Operationally, this work reveals how various restrictions to combat the Covid19 pandemic significantly affected pedestrian flow dynamics in the transportation hub. These restrictions were not the only events that impacted use of the hub over the long term. The study of the impact of atypical factors reveals how pedestrian flows react accordingly. We found that given situations, whether a time segment or an exogenous factor, may lead to specific over- and under-use of particular locations. This type of study is replicable to any situation where a large set of count data is available and where the aim is to synthetize information from typical spatio-temporal profiles from distinct periods. We are thinking of the field of mobility, extended to the study of a public transport network or a city where the characterization of human travel patterns is of great importance. For example, in the case of road traffic, this type of model could be used to search for typical traffic situations within a city, to help set up a traffic control system adapted to each type of situation. This type of problem can also emerge in ecology, genomics, or others. In the field of genomics, this could help to segment the expression dynamics of a group of genes and to identify within these segments subgroups of over or under expressed genes. In ecology, we could imagine an extansion to the work proposed in Chiquet et al. (2021) by adding a temporal dimension. The models we used could segment the time into homogenous periods during which communities of different species are distributed similarly between various sites. For example, we might observe interdependent prey-predator communities whose abundances between different sites vary over a year. These models can be helpful to study the impact of covariates, isolated from the rest and potentially within different periods.

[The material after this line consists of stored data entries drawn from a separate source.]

(* Let $S$ be a group and $L, L'$ subgroups of $S$, and let $k$ be a positive integer. Write $A^{\times k}$ for the direct product of $k$ copies of a group $A$, so that $L^{\times k}$ and $L'^{\times k}$ are subgroups of $S^{\times k}$. (1) If $(S,L,L')$ is a Gassman-Sunada triple with property FF, then $(S^{\times k},L^{\times k},L'^{\times k})$ is a Gassman-Sunada triple with property FF. (2) If $(S,L,L')$ is an EC-triple with property FF, then $(S^{\times k},L^{\times k},L'^{\times k})$ is an EC-triple with property FF.
   Context: A triple $(G,H,H')$ with $H,H'\le G$ is a Gassman-Sunada triple (almost conjugate, AC) if there is a bijection $B:H\to H'$ such that $B(h)$ is conjugate to $h$ in $G$ for every $h\in H$ (equivalently, $|g^G\cap H|=|g^G\cap H'|$ for all $g\in G$). It is an EC-triple ($H,H'$ elementwise conjugate) if every element of $H$ is conjugate in $G$ to some element of $H'$ and every element of $H'$ is conjugate in $G$ to some element of $H$. The triple has property FF if no nontrivial normal subgroup of $G$ is contained in $H$, and no nontrivial normal subgroup of $G$ is contained in $H'$ (i.e. the left-translation actions of $G$ on $G/H$ and on $G/H'$ are faithful). *)

theory Defs
  imports "HOL-Algebra.Product_Groups"
begin

definition conjugate_in :: "('a, 'b) monoid_scheme \<Rightarrow> 'a \<Rightarrow> 'a \<Rightarrow> bool" where
  "conjugate_in G x y \<longleftrightarrow> (\<exists>g \<in> carrier G. y = g \<otimes>\<^bsub>G\<^esub> x \<otimes>\<^bsub>G\<^esub> inv\<^bsub>G\<^esub> g)"

definition gassman_sunada :: "('a, 'b) monoid_scheme \<Rightarrow> 'a set \<Rightarrow> 'a set \<Rightarrow> bool" where
  "gassman_sunada G H H' \<longleftrightarrow> subgroup H G \<and> subgroup H' G \<and>
     (\<exists>B. bij_betw B H H' \<and> (\<forall>h \<in> H. conjugate_in G h (B h)))"

definition ec_triple :: "('a, 'b) monoid_scheme \<Rightarrow> 'a set \<Rightarrow> 'a set \<Rightarrow> bool" where
  "ec_triple G H H' \<longleftrightarrow> subgroup H G \<and> subgroup H' G \<and>
     (\<forall>h \<in> H. \<exists>h' \<in> H'. conjugate_in G h h') \<and>
     (\<forall>h' \<in> H'. \<exists>h \<in> H. conjugate_in G h' h)"

definition property_FF :: "('a, 'b) monoid_scheme \<Rightarrow> 'a set \<Rightarrow> 'a set \<Rightarrow> bool" where
  "property_FF G H H' \<longleftrightarrow>
     (\<forall>N. N \<lhd> G \<and> N \<subseteq> H \<longrightarrow> N = {\<one>\<^bsub>G\<^esub>}) \<and>
     (\<forall>N. N \<lhd> G \<and> N \<subseteq> H' \<longrightarrow> N = {\<one>\<^bsub>G\<^esub>})"

definition pow_group :: "('a, 'b) monoid_scheme \<Rightarrow> nat \<Rightarrow> (nat \<Rightarrow> 'a) monoid" where
  "pow_group G k = product_group {..<k} (\<lambda>_. G)"

definition pow_set :: "'a set \<Rightarrow> nat \<Rightarrow> (nat \<Rightarrow> 'a) set" where
  "pow_set H k = (\<Pi>\<^sub>E i\<in>{..<k}. H)"

end

theory Submission
  imports Defs
begin

text \<open>
  Conjugacy in a direct product is componentwise conjugacy, so conjugacy-preserving bijections
  and elementwise matchings between the factors assemble into ones between the products; this
  works for any index set and any family of factors. For FF: projecting onto a factor is a
  surjective homomorphism, so it maps a normal subgroup N of the product to a normal subgroup
  of the factor. If N lies in a product of core-free subgroups, every projection of N is
  trivial, hence so is N.
\<close>

definition core_free :: "('a, 'b) monoid_scheme \<Rightarrow> 'a set \<Rightarrow> bool" where
  "core_free G H \<longleftrightarrow> (\<forall>N. N \<lhd> G \<and> N \<subseteq> H \<longrightarrow> N = {\<one>\<^bsub>G\<^esub>})"

lemma property_FF_iff_core_free: "property_FF G H H' \<longleftrightarrow> core_free G H \<and> core_free G H'"
  unfolding property_FF_def core_free_def ..

lemma bij_betw_PiE_map:
  assumes "\<And>i. i \<in> I \<Longrightarrow> bij_betw (f i) (A i) (B i)"
  shows "bij_betw (\<lambda>x. \<lambda>i\<in>I. f i (x i)) (\<Pi>\<^sub>E i\<in>I. A i) (\<Pi>\<^sub>E i\<in>I. B i)"
proof (rule bij_betw_byWitness[where f' = "\<lambda>y. \<lambda>i\<in>I. inv_into (A i) (f i) (y i)"])
  show "\<forall>x\<in>\<Pi>\<^sub>E i\<in>I. A i. (\<lambda>i\<in>I. inv_into (A i) (f i) ((\<lambda>i\<in>I. f i (x i)) i)) = x"
  proof
    fix x assume x: "x \<in> (\<Pi>\<^sub>E i\<in>I. A i)"
    show "(\<lambda>i\<in>I. inv_into (A i) (f i) ((\<lambda>i\<in>I. f i (x i)) i)) = x"
      using assms x by (auto simp: PiE_iff extensional_def fun_eq_iff intro!: bij_betw_inv_into_left)
  qed
  show "\<forall>y\<in>\<Pi>\<^sub>E i\<in>I. B i. (\<lambda>i\<in>I. f i ((\<lambda>i\<in>I. inv_into (A i) (f i) (y i)) i)) = y"
  proof
    fix y assume y: "y \<in> (\<Pi>\<^sub>E i\<in>I. B i)"
    show "(\<lambda>i\<in>I. f i ((\<lambda>i\<in>I. inv_into (A i) (f i) (y i)) i)) = y"
      using assms y by (auto simp: PiE_iff extensional_def fun_eq_iff intro!: bij_betw_inv_into_right)
  qed
  show "(\<lambda>x. \<lambda>i\<in>I. f i (x i)) ` (\<Pi>\<^sub>E i\<in>I. A i) \<subseteq> (\<Pi>\<^sub>E i\<in>I. B i)"
    using assms by (auto simp: PiE_iff) (metis bij_betw_apply)
  show "(\<lambda>y. \<lambda>i\<in>I. inv_into (A i) (f i) (y i)) ` (\<Pi>\<^sub>E i\<in>I. B i) \<subseteq> (\<Pi>\<^sub>E i\<in>I. A i)"
    using assms by (auto simp: PiE_iff) (metis bij_betw_apply bij_betw_inv_into)
qed

lemma conjugate_in_product_group:
  assumes groups: "\<And>i. i \<in> I \<Longrightarrow> group (G i)"
    and x: "x \<in> carrier (product_group I G)" and y: "y \<in> carrier (product_group I G)"
    and conj: "\<And>i. i \<in> I \<Longrightarrow> conjugate_in (G i) (x i) (y i)"
  shows "conjugate_in (product_group I G) x y"
proof -
  obtain g where g: "\<And>i. i \<in> I \<Longrightarrow> g i \<in> carrier (G i) \<and> y i = g i \<otimes>\<^bsub>G i\<^esub> x i \<otimes>\<^bsub>G i\<^esub> inv\<^bsub>G i\<^esub> g i"
    using conj unfolding conjugate_in_def by metis
  define g' where "g' = (\<lambda>i\<in>I. g i)"
  have g': "g' \<in> carrier (product_group I G)"
    using g by (simp add: g'_def)
  have "g' \<otimes>\<^bsub>product_group I G\<^esub> x \<otimes>\<^bsub>product_group I G\<^esub> inv\<^bsub>product_group I G\<^esub> g' = y"
    using g g' x y groups by (auto simp: g'_def PiE_iff extensional_def fun_eq_iff)
  with g' show ?thesis
    unfolding conjugate_in_def by blast
qed

lemma gassman_sunada_product_group:
  assumes groups: "\<And>i. i \<in> I \<Longrightarrow> group (G i)"
    and gs: "\<And>i. i \<in> I \<Longrightarrow> gassman_sunada (G i) (H i) (H' i)"
  shows "gassman_sunada (product_group I G) (\<Pi>\<^sub>E i\<in>I. H i) (\<Pi>\<^sub>E i\<in>I. H' i)"
proof -
  have subgroups: "subgroup (H i) (G i)" "subgroup (H' i) (G i)" if "i \<in> I" for i
    using gs[OF that] unfolding gassman_sunada_def by auto
  obtain B where B: "\<And>i. i \<in> I \<Longrightarrow> bij_betw (B i) (H i) (H' i) \<and> (\<forall>h \<in> H i. conjugate_in (G i) h (B i h))"
    using gs unfolding gassman_sunada_def by metis
  let ?B = "\<lambda>x. \<lambda>i\<in>I. B i (x i)"
  have bij: "bij_betw ?B (\<Pi>\<^sub>E i\<in>I. H i) (\<Pi>\<^sub>E i\<in>I. H' i)"
    using B by (intro bij_betw_PiE_map) blast
  have "conjugate_in (product_group I G) h (?B h)" if h: "h \<in> (\<Pi>\<^sub>E i\<in>I. H i)" for h
  proof (rule conjugate_in_product_group[OF groups])
    show "h \<in> carrier (product_group I G)"
      using h subgroups(1) by (auto simp: PiE_iff dest: subgroup.subset)
    show "?B h \<in> carrier (product_group I G)"
      using bij_betw_apply[OF bij h] subgroups(2) by (auto simp: PiE_iff dest: subgroup.subset)
    show "conjugate_in (G i) (h i) (?B h i)" if "i \<in> I" for i
      using B h that by (auto simp: PiE_iff)
  qed
  with bij subgroups groups show ?thesis
    unfolding gassman_sunada_def by (auto simp: PiE_subgroup_product_group)
qed

lemma elementwise_conjugate_product_group:
  assumes groups: "\<And>i. i \<in> I \<Longrightarrow> group (G i)"
    and sub: "\<And>i. i \<in> I \<Longrightarrow> H i \<subseteq> carrier (G i)" "\<And>i. i \<in> I \<Longrightarrow> H' i \<subseteq> carrier (G i)"
    and match: "\<And>i. i \<in> I \<Longrightarrow> \<forall>h \<in> H i. \<exists>h' \<in> H' i. conjugate_in (G i) h h'"
  shows "\<forall>h \<in> \<Pi>\<^sub>E i\<in>I. H i. \<exists>h' \<in> \<Pi>\<^sub>E i\<in>I. H' i. conjugate_in (product_group I G) h h'"
proof
  fix h assume h: "h \<in> (\<Pi>\<^sub>E i\<in>I. H i)"
  have "\<forall>i\<in>I. \<exists>h' \<in> H' i. conjugate_in (G i) (h i) h'"
    using match h by (simp add: PiE_iff)
  then obtain f where f: "\<And>i. i \<in> I \<Longrightarrow> f i \<in> H' i \<and> conjugate_in (G i) (h i) (f i)"
    by metis
  have f': "(\<lambda>i\<in>I. f i) \<in> (\<Pi>\<^sub>E i\<in>I. H' i)"
    using f by simp
  have "conjugate_in (product_group I G) h (\<lambda>i\<in>I. f i)"
  proof (rule conjugate_in_product_group[OF groups])
    show "h \<in> carrier (product_group I G)"
      using h sub(1) by (force simp: PiE_iff)
    show "(\<lambda>i\<in>I. f i) \<in> carrier (product_group I G)"
      using f' sub(2) by (force simp: PiE_iff)
    show "conjugate_in (G i) (h i) ((\<lambda>i\<in>I. f i) i)" if "i \<in> I" for i
      using f[OF that] that by simp
  qed
  with f' show "\<exists>h' \<in> \<Pi>\<^sub>E i\<in>I. H' i. conjugate_in (product_group I G) h h'" by blast
qed

lemma ec_triple_product_group:
  assumes groups: "\<And>i. i \<in> I \<Longrightarrow> group (G i)"
    and ec: "\<And>i. i \<in> I \<Longrightarrow> ec_triple (G i) (H i) (H' i)"
  shows "ec_triple (product_group I G) (\<Pi>\<^sub>E i\<in>I. H i) (\<Pi>\<^sub>E i\<in>I. H' i)"
proof -
  have subgroups: "subgroup (H i) (G i)" "subgroup (H' i) (G i)" if "i \<in> I" for i
    using ec[OF that] unfolding ec_triple_def by auto
  have subsets: "H i \<subseteq> carrier (G i)" "H' i \<subseteq> carrier (G i)" if "i \<in> I" for i
    using subgroups[OF that] by (auto dest: subgroup.subset)
  have matches: "\<forall>h \<in> H i. \<exists>h' \<in> H' i. conjugate_in (G i) h h'"
    "\<forall>h' \<in> H' i. \<exists>h \<in> H i. conjugate_in (G i) h' h" if "i \<in> I" for i
    using ec[OF that] unfolding ec_triple_def by auto
  have "\<forall>h \<in> \<Pi>\<^sub>E i\<in>I. H i. \<exists>h' \<in> \<Pi>\<^sub>E i\<in>I. H' i. conjugate_in (product_group I G) h h'"
    by (rule elementwise_conjugate_product_group[OF groups subsets(1) subsets(2) matches(1)])
  moreover have "\<forall>h' \<in> \<Pi>\<^sub>E i\<in>I. H' i. \<exists>h \<in> \<Pi>\<^sub>E i\<in>I. H i. conjugate_in (product_group I G) h' h"
    by (rule elementwise_conjugate_product_group[OF groups subsets(2) subsets(1) matches(2)])
  moreover have "subgroup (\<Pi>\<^sub>E i\<in>I. H i) (product_group I G)" "subgroup (\<Pi>\<^sub>E i\<in>I. H' i) (product_group I G)"
    using subgroups groups by (simp_all add: PiE_subgroup_product_group)
  ultimately show ?thesis
    unfolding ec_triple_def by blast
qed

lemma normal_image_proj_product_group:
  assumes groups: "\<And>i. i \<in> I \<Longrightarrow> group (G i)"
    and N: "N \<lhd> product_group I G" and i: "i \<in> I"
  shows "(\<lambda>x. x i) ` N \<lhd> G i"
proof -
  interpret normal N "product_group I G" by (rule N)
  have "group_hom (product_group I G) (G i) (\<lambda>x. x i)"
    using groups i by (auto simp: group_hom_def group_hom_axioms_def intro!: homI)
  moreover have "(\<lambda>x. x i) ` carrier (product_group I G) = carrier (G i)"
  proof (intro equalityI subsetI)
    fix s assume s: "s \<in> carrier (G i)"
    have "(\<lambda>j\<in>I. if j = i then s else \<one>\<^bsub>G j\<^esub>) \<in> carrier (product_group I G)"
      using s groups by (auto simp: group.is_monoid)
    then show "s \<in> (\<lambda>x. x i) ` carrier (product_group I G)"
      by (rule rev_image_eqI) (use i in simp)
  qed (use i in auto)
  ultimately show ?thesis
    by (rule surj_hom_normal_subgroup)
qed

lemma core_free_product_group:
  assumes groups: "\<And>i. i \<in> I \<Longrightarrow> group (G i)"
    and core_free: "\<And>i. i \<in> I \<Longrightarrow> core_free (G i) (H i)"
  shows "core_free (product_group I G) (\<Pi>\<^sub>E i\<in>I. H i)"
  unfolding core_free_def
proof (intro allI impI)
  fix N assume N: "N \<lhd> product_group I G \<and> N \<subseteq> (\<Pi>\<^sub>E i\<in>I. H i)"
  have trivial_proj: "(\<lambda>x. x i) ` N = {\<one>\<^bsub>G i\<^esub>}" if i: "i \<in> I" for i
  proof -
    have "(\<lambda>x. x i) ` N \<lhd> G i"
      using N groups i by (blast intro: normal_image_proj_product_group)
    moreover have "(\<lambda>x. x i) ` N \<subseteq> H i"
      using N i by (auto simp: PiE_iff)
    ultimately show ?thesis
      using core_free[OF i] unfolding core_free_def by blast
  qed
  have "N \<subseteq> {\<one>\<^bsub>product_group I G\<^esub>}"
    using N trivial_proj by (fastforce simp: PiE_iff intro: restrict_ext)
  moreover have "\<one>\<^bsub>product_group I G\<^esub> \<in> N"
    using N normal_imp_subgroup subgroup.one_closed by blast
  ultimately show "N = {\<one>\<^bsub>product_group I G\<^esub>}" by blast
qed

lemma property_FF_product_group:
  assumes "\<And>i. i \<in> I \<Longrightarrow> group (G i)" and "\<And>i. i \<in> I \<Longrightarrow> property_FF (G i) (H i) (H' i)"
  shows "property_FF (product_group I G) (\<Pi>\<^sub>E i\<in>I. H i) (\<Pi>\<^sub>E i\<in>I. H' i)"
  using assms by (simp add: property_FF_iff_core_free core_free_product_group)

theorem mainTheorem1:
  fixes S :: "('a, 'b) monoid_scheme" and L L' :: "'a set" and k :: nat
  assumes "group S" and "subgroup L S" and "subgroup L' S" and "0 < k"
  shows "(gassman_sunada S L L' \<and> property_FF S L L' \<longrightarrow>
            gassman_sunada (pow_group S k) (pow_set L k) (pow_set L' k) \<and>
            property_FF (pow_group S k) (pow_set L k) (pow_set L' k))
       \<and> (ec_triple S L L' \<and> property_FF S L L' \<longrightarrow>
            ec_triple (pow_group S k) (pow_set L k) (pow_set L' k) \<and>
            property_FF (pow_group S k) (pow_set L k) (pow_set L' k))"
  unfolding pow_group_def pow_set_def
  using assms(1)
  by (simp add: gassman_sunada_product_group ec_triple_product_group property_FF_product_group)

end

Further investigations are required to overcome some of the limitations of this type of modeling, including:

  • An exogenous factor can either be explicitly coded in the model or left to be found by the model. This decision induces variability when constructing segments.

  • It is necessary to have a sufficient quantity of exogenous data. Increasing the number of segments means that the exogenous factors are modeled in increasingly specific contexts, for which fewer data is available.

Furthermore, additional work could be done to include an autoregressive term in these models. This inclusion could help account for the intrinsic variability of each day in the model, potentially changing the allocation of days to segments (Ren and Barnett 2020). This study paves the way for more advanced clustering or prediction modeling work. In particular, it allows periods with variable flow dynamics to be distinguished, which can be helpful when predicting ridership in specific contexts.